What carries the argument
Dual-Stage Registers (DSR), a register-based intervention that supplies dedicated tokens to both the encoder and denoiser to restore local semantics.
If this is right
- Outlier artifacts decrease in the final generated images.
- Generation quality rises on ImageNet benchmarks.
- The same gains appear in large-scale text-to-image settings.
- The fix applies uniformly to both pretrained ViT encoders and internal DiT layers.
Where Pith is reading between the lines
- Attention layers in transformers may generally benefit from explicit register tokens to quarantine semantically damaged patches.
- Similar register stages could be tested in non-diffusion transformer generators or in vision-language models.
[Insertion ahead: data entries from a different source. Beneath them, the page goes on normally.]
text \<open>The formal solution with parametric data \<open>z0\<close>: a principal coordinate \<open>u^j_K\<close> is given
  the value of \<open>D_L P^a\<close> for some representation \<open>(j, K) = (ii a, JJ a + L)\<close>, which only
  involves coordinates of lower rank.\<close>

definition solution_step :: "jet \<Rightarrow> (coord \<Rightarrow> real) \<Rightarrow> coord \<Rightarrow> real" where
  "solution_step z0 f c = (case c of
     U j K \<Rightarrow> (if principal n ii JJ j K \<and> (j, K) \<in> rank_dom p q
               then tdiffK p (snd (principal_choice j K)) (PP (fst (principal_choice j K))) (\<lambda>d. if (d, c) \<in> coord_rank R then f d else z0 d)
               else z0 c)
   | X k \<Rightarrow> z0 c)"

definition formal_solution :: "jet \<Rightarrow> jet" where
  "formal_solution z0 = wfrec (coord_rank R) (solution_step z0)"

lemma formal_solution_eq: "formal_solution z0 c = solution_step z0 (cut (formal_solution z0) (coord_rank R) c) c"
  unfolding formal_solution_def by (rule wfrec[OF wf_coord_rank[OF wf_strict_rank[OF ranking]]])

lemma formal_solution_X: "formal_solution z0 (X k) = z0 (X k)"
  using formal_solution_eq[of z0 "X k"] unfolding solution_step_def by simp
text \<open>Write \<open>\<sigma>(n)/n\<close> as the product of the factors \<open>f\<^sub>p(a) = \<sigma>(p ^ a)/p ^ a\<close> over the prime
  powers \<open>p ^ a\<close> exactly dividing \<open>n\<close>. For weights \<open>1 \<le> w\<^sub>p \<le> p powr (1/757)\<close> the product of the
  \<open>w\<^sub>p ^ a\<close> is at most \<open>n powr (1/757) \<le> N39 powr (1/757) \<le> E = 1.22226349\<close> when \<open>n < N39\<close>;
  so if also \<open>\<sigma>(n)/n > 8.8272\<close>, the product of the weighted factors \<open>f\<^sub>p(a)/w\<^sub>p ^ a\<close> exceeds
  \<open>8.8272/E\<close>. Each weighted factor is at most its maximum \<open>M\<^sub>p\<close> over all exponents, while the
  product of the \<open>M\<^sub>p\<close> is at most \<open>8.8272/(\<theta> E)\<close> with \<open>\<theta> = 0.999406\<close>. Hence every weighted
  factor exceeds \<open>\<theta> M\<^sub>p\<close>, which fixes the exponent of every prime except
  \<open>2, 3, 7, 17, 149, 151, 157\<close> and leaves 192 candidates; among them only \<open>J0\<close> lies in range.
  The logarithms behind the weights and the bound for \<open>N39\<close> are certified from a Taylor bound
  for \<open>ln 2\<close> through multiplicative relations between small primes.\<close>

section \<open>Abundancy of prime powers\<close>

lemma divisor_sigma_mult_coprime:
  assumes "coprime a b" "0 < a" "0 < b"
  shows "divisor_sigma (a * b) = divisor_sigma a * divisor_sigma b"
proof -
  let ?D = "\<lambda>n::nat. {d. d dvd n \<and> 0 < d}"
  have image: "?D (a * b) = (\<lambda>(x, y). x * y) ` (?D a \<times> ?D b)"
  proof
    show "?D (a * b) \<subseteq> (\<lambda>(x, y). x * y) ` (?D a \<times> ?D b)"
    proof
      fix d assume "d \<in> ?D (a * b)"
      then obtain x y where "d = x * y" "x dvd a" "y dvd b" "0 < d"
        using division_decomp by blast
      then show "d \<in> (\<lambda>(x, y). x * y) ` (?D a \<times> ?D b)"
        by (auto intro!: image_eqI[of _ _ "(x, y)"])
    qed
  qed (auto intro: mult_dvd_mono)
  have "inj_on (\<lambda>(x, y). x * y) (?D a \<times> ?D b)"
  proof (rule inj_onI, clarsimp)
    fix x y x' y' :: nat
    assume "x dvd a" "y dvd b" "x' dvd a" "y' dvd b" "x * y = x' * y'" "0 < x"
    with assms(1) have "x dvd x'" "x' dvd x"
      by (metis coprime_commute coprime_divisors coprime_dvd_mult_left_iff dvd_triv_left)+
    then have "x = x'"
      by (rule dvd_antisym)
    then show "x = x' \<and> y = y'"
      using \<open>x * y = x' * y'\<close> \<open>0 < x\<close> by simp
  qed
  then have "divisor_sigma (a * b) = (\<Sum>(x, y)\<in>?D a \<times> ?D b. x * y)"
    unfolding divisor_sigma_def image by (simp add: sum.reindex case_prod_unfold)
  also have "\<dots> = divisor_sigma a * divisor_sigma b"
    by (simp add: divisor_sigma_def sum_product sum.cartesian_product)
  finally show ?thesis .
qed

lemma divisor_sigma_prime_power:
  assumes "prime p"
  shows "divisor_sigma (p ^ k) = (\<Sum>i\<le>k. p ^ i)"
proof -
  have "{d. d dvd p ^ k \<and> 0 < d} = (\<lambda>i. p ^ i) ` {..k}"
    using assms by (auto simp: divides_primepow_nat prime_gt_0_nat)
  moreover have "inj_on (\<lambda>i. p ^ i) {..k}"
    using prime_gt_1_nat[OF assms] by (intro inj_onI) simp
  ultimately show ?thesis
    by (simp add: divisor_sigma_def sum.reindex)
qed

lemma divisor_sigma_prod_prime_powers:
  assumes "finite P" "\<And>p. p \<in> P \<Longrightarrow> prime p"
  shows "divisor_sigma (\<Prod>p\<in>P. p ^ e p) = (\<Prod>p\<in>P. divisor_sigma (p ^ e p))"
  using assms
proof (induction P rule: finite_induct)
  case empty
  have "{d. d dvd (1::nat) \<and> 0 < d} = {1}" by auto
  then show ?case by (simp add: divisor_sigma_def)
next
  case (insert q P)
  then have "coprime q p" if "p \<in> P" for p
    using that by (intro primes_coprime) auto
  then have "coprime (q ^ e q) (\<Prod>p\<in>P. p ^ e p)"
    by (simp add: prod_coprime_right)
  moreover have "0 < (\<Prod>p\<in>P. p ^ e p)" "0 < q ^ e q"
    using insert.prems by (auto intro!: prod_pos simp: prime_gt_0_nat)
  ultimately show ?case
    using insert by (simp add: divisor_sigma_mult_coprime)
qed

definition prime_power_abundancy :: "nat \<Rightarrow> nat \<Rightarrow> real" where
  "prime_power_abundancy p a = (\<Sum>i\<le>a. 1 / real p ^ i)"

lemma prime_power_abundancy_0 [simp]: "prime_power_abundancy p 0 = 1"
  by (simp add: prime_power_abundancy_def)

lemma prime_power_abundancy_Suc:
  "prime_power_abundancy p (Suc a) = prime_power_abundancy p a + 1 / real p ^ Suc a"
  by (simp add: prime_power_abundancy_def)

lemma prime_power_abundancy_numeral:
  "prime_power_abundancy p (numeral k) = prime_power_abundancy p (pred_numeral k) + 1 / real p ^ numeral k"
  by (simp add: numeral_eq_Suc prime_power_abundancy_Suc)

lemma prime_power_abundancy_eq:
  assumes "prime p"
  shows "real (divisor_sigma (p ^ a)) / real p ^ a = prime_power_abundancy p a"
proof -
  have "real p > 0" using assms prime_gt_0_nat by simp
  have "real (divisor_sigma (p ^ a)) / real p ^ a = (\<Sum>i\<le>a. real p ^ i / real p ^ a)"
    by (simp add: divisor_sigma_prime_power[OF assms] sum_divide_distrib)
  also have "\<dots> = (\<Sum>i\<le>a. 1 / real p ^ (a - i))"
    by (rule sum.cong) (use \<open>real p > 0\<close> in \<open>auto simp: power_diff\<close>)
  also have "\<dots> = prime_power_abundancy p a"
    unfolding prime_power_abundancy_def
    by (rule sum.reindex_bij_witness[of _ "\<lambda>i. a - i" "\<lambda>i. a - i"]) auto
  finally show ?thesis .
qed

lemma abundancy_prod_prime_powers:
  assumes "finite P" "\<And>p. p \<in> P \<Longrightarrow> prime p"
  shows "real (divisor_sigma (\<Prod>p\<in>P. p ^ e p)) / real (\<Prod>p\<in>P. p ^ e p)
           = (\<Prod>p\<in>P. prime_power_abundancy p (e p))"
proof -
  have "real (divisor_sigma (\<Prod>p\<in>P. p ^ e p)) / real (\<Prod>p\<in>P. p ^ e p)
      = (\<Prod>p\<in>P. real (divisor_sigma (p ^ e p)) / real (p ^ e p))"
    by (simp add: divisor_sigma_prod_prime_powers[OF assms] prod_dividef)
  also have "\<dots> = (\<Prod>p\<in>P. prime_power_abundancy p (e p))"
    using assms(2) by (simp add: prime_power_abundancy_eq)
  finally show ?thesis .
qed

lemma prime_power_abundancy_ge_1: "1 \<le> prime_power_abundancy p a"
  by (induction a) (simp_all add: prime_power_abundancy_def add_increasing2)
- If outlier control proves scalable, it might reduce the need for ever-larger DiT models to achieve clean outputs.
Load-bearing premise
That the performance drag comes from corrupted local patch semantics rather than raw norm extremes, and that registers can restore semantics without introducing new distortions or degrading other generation aspects.
What would settle it
Running the same DiT pipelines with Dual-Stage Registers applied and finding no change or a drop in standard image quality metrics such as FID, or discovering that high-norm masking suddenly improves results.
Figures
read the original abstract
We study outlier tokens in Diffusion Transformers (DiTs) for image generation. Prior work has shown that Vision Transformers (ViTs) can produce a small number of high-norm tokens that attract disproportionate attention while carrying limited local information, but their role in generative models remains underexplored. We show that this phenomenon appears in both the encoder and denoiser of modern Representation Autoencoder (RAE)-DiT pipelines: pretrained ViT encoders can produce outlier representations, and DiTs themselves can develop internal outlier tokens, especially in intermediate layers. Moreover, simply masking high-norm tokens does not improve performance, indicating that the problem is not only caused by a few extreme values, but is more closely related to corrupted local patch semantics. To address this issue, we introduce Dual-Stage Registers (DSR), a register-based intervention for both components: trained registers when available, recursive test-time registers otherwise, and diffusion registers for the denoiser. Across ImageNet and large-scale text-to-image generation, these interventions consistently reduce outlier artifacts and improve generation quality. Our results highlight outlier-token control as an important ingredient in building stronger DiTs.
Editorial analysis
A structured set of objections, weighed in public.
Referee Report
Summary. The paper examines outlier tokens (high-norm tokens attracting disproportionate attention with limited local information) in Diffusion Transformers (DiTs) for image generation. It observes their presence in both pretrained ViT encoders and internal DiT layers, argues that the issue stems from corrupted local patch semantics rather than merely extreme norm values (because simply masking high-norm tokens does not improve performance), and proposes Dual-Stage Registers (DSR) consisting of trained registers, recursive test-time registers, and diffusion registers. The central claim is that these interventions reduce outlier artifacts and improve generation quality across ImageNet and large-scale text-to-image tasks.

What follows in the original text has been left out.